Start of Dataset content

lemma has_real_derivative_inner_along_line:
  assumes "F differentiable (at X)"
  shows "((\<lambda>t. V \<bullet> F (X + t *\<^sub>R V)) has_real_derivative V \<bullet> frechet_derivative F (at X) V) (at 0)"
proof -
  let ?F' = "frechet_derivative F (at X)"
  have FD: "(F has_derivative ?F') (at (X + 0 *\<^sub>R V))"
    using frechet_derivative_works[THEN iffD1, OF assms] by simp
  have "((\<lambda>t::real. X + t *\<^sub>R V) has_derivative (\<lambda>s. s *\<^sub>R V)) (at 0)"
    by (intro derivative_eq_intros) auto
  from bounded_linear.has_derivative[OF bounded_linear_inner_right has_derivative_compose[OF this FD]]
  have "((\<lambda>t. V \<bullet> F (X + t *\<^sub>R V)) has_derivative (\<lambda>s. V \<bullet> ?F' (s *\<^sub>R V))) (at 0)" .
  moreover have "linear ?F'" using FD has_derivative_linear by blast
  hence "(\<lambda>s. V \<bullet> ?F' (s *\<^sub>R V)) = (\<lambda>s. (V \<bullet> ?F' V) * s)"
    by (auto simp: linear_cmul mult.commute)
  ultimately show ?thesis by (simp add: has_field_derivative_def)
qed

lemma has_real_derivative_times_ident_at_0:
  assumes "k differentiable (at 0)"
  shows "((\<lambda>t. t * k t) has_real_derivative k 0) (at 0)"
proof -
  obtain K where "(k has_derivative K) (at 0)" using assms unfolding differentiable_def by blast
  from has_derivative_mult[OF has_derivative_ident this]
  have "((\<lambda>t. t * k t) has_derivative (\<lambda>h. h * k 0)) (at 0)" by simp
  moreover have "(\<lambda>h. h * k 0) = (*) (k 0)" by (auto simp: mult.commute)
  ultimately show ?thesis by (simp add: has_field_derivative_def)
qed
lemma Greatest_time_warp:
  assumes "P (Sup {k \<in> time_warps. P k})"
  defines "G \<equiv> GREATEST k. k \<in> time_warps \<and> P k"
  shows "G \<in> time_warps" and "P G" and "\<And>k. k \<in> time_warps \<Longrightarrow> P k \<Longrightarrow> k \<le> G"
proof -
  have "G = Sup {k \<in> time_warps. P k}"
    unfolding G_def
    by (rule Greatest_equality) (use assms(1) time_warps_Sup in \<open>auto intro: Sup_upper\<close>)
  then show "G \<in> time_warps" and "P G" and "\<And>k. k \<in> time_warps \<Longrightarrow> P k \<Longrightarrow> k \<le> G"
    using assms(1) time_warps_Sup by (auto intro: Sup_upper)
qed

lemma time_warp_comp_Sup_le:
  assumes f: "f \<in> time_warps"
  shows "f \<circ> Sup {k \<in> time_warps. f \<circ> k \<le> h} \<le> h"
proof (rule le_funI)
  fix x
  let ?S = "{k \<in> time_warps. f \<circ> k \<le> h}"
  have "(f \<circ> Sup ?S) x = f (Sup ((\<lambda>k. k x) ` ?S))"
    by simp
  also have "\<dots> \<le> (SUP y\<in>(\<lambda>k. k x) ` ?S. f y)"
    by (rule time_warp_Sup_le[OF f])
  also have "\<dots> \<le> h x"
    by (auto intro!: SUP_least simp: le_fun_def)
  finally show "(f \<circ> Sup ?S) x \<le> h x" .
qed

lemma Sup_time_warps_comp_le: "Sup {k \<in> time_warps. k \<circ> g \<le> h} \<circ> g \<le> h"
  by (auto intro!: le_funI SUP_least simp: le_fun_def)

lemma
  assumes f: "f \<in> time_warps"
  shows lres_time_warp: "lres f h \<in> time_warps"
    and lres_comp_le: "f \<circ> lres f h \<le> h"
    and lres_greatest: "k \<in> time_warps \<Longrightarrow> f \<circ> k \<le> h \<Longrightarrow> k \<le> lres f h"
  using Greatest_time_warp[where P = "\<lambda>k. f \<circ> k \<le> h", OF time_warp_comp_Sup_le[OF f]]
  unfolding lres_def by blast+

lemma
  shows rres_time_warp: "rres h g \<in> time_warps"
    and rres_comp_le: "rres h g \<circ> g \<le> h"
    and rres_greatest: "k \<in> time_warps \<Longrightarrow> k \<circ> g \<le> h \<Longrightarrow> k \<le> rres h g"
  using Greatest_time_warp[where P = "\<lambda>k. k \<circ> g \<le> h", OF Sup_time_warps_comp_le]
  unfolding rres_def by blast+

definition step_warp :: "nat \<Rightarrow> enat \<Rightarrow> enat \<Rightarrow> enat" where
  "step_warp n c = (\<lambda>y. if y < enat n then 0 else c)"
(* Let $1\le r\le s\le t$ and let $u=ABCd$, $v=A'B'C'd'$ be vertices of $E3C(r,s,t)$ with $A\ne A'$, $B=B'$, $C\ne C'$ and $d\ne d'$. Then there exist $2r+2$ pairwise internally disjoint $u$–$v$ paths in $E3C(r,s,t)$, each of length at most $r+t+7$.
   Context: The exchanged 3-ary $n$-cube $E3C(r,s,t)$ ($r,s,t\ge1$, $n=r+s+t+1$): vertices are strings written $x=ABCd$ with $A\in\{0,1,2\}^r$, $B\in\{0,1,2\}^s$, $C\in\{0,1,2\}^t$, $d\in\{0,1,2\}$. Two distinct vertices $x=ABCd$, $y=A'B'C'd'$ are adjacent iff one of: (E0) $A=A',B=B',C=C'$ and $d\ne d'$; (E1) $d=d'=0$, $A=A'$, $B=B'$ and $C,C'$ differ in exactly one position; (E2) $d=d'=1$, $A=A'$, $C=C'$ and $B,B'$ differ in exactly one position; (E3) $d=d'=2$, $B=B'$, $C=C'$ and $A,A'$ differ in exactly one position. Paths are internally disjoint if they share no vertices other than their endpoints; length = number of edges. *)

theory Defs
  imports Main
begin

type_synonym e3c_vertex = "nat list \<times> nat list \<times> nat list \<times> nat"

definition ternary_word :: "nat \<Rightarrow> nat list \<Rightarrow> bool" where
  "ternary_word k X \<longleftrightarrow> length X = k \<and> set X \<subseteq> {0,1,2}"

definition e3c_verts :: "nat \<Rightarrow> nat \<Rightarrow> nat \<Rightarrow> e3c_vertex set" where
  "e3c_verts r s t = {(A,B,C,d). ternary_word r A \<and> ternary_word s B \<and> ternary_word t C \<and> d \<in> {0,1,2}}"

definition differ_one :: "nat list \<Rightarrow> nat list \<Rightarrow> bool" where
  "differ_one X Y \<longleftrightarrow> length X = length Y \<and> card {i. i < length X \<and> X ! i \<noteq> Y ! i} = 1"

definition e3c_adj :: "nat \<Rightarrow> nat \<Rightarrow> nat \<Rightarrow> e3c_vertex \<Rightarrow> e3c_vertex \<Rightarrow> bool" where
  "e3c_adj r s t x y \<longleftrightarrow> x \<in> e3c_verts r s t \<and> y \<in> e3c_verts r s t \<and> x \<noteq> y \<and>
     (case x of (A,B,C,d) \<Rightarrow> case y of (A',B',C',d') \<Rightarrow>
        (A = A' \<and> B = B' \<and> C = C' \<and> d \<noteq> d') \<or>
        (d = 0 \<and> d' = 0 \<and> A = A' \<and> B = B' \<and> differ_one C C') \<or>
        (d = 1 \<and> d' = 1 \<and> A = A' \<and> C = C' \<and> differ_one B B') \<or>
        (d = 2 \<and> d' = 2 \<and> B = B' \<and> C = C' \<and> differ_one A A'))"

End of Dataset content

> [Work required]
Copy word for word the stretch of entries above from the line that has "from bounded_linear.has_derivative[OF bounded_linear_inner_right" through the line that has "GREATEST k. k", both ends included, and nothing outside it.

> [Your solution]
  from bounded_linear.has_derivative[OF bounded_linear_inner_right has_derivative_compose[OF this FD]]
  have "((\<lambda>t. V \<bullet> F (X + t *\<^sub>R V)) has_derivative (\<lambda>s. V \<bullet> ?F' (s *\<^sub>R V))) (at 0)" .
  moreover have "linear ?F'" using FD has_derivative_linear by blast
  hence "(\<lambda>s. V \<bullet> ?F' (s *\<^sub>R V)) = (\<lambda>s. (V \<bullet> ?F' V) * s)"
    by (auto simp: linear_cmul mult.commute)
  ultimately show ?thesis by (simp add: has_field_derivative_def)
qed

lemma has_real_derivative_times_ident_at_0:
  assumes "k differentiable (at 0)"
  shows "((\<lambda>t. t * k t) has_real_derivative k 0) (at 0)"
proof -
  obtain K where "(k has_derivative K) (at 0)" using assms unfolding differentiable_def by blast
  from has_derivative_mult[OF has_derivative_ident this]
  have "((\<lambda>t. t * k t) has_derivative (\<lambda>h. h * k 0)) (at 0)" by simp
  moreover have "(\<lambda>h. h * k 0) = (*) (k 0)" by (auto simp: mult.commute)
  ultimately show ?thesis by (simp add: has_field_derivative_def)
qed
lemma Greatest_time_warp:
  assumes "P (Sup {k \<in> time_warps. P k})"
  defines "G \<equiv> GREATEST k. k \<in> time_warps \<and> P k"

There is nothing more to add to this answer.